**** Dataset excerpts

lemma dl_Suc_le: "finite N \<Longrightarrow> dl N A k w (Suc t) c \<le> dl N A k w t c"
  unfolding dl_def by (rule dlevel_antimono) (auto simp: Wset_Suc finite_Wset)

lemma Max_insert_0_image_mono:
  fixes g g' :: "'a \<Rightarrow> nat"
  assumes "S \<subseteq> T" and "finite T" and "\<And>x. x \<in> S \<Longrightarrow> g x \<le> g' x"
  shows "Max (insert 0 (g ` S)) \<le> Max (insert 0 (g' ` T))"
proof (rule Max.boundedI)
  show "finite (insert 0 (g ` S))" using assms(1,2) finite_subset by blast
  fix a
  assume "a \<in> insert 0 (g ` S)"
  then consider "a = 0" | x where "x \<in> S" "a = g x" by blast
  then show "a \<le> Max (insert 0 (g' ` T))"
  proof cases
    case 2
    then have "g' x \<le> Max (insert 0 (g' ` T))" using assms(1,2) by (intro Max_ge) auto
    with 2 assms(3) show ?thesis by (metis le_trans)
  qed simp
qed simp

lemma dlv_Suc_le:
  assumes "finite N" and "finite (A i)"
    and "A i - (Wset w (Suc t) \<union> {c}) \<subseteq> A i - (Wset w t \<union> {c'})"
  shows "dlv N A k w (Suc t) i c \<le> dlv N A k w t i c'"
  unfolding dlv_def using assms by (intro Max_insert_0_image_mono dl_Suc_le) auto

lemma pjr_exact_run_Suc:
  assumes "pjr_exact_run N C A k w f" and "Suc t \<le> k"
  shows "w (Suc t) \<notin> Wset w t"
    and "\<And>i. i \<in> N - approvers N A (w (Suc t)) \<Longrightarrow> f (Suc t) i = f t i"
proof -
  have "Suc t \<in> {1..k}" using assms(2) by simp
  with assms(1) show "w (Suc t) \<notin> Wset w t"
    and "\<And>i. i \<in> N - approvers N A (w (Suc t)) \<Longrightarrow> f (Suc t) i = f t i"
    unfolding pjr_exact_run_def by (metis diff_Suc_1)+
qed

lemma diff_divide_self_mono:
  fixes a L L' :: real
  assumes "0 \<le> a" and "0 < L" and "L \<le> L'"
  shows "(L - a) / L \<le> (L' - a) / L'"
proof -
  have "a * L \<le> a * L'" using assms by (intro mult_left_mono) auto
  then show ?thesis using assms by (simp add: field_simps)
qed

********

How to complete this task: Find out how many lines in the entries above hold "auto", then reply with that figure and nothing else.

Task output: 4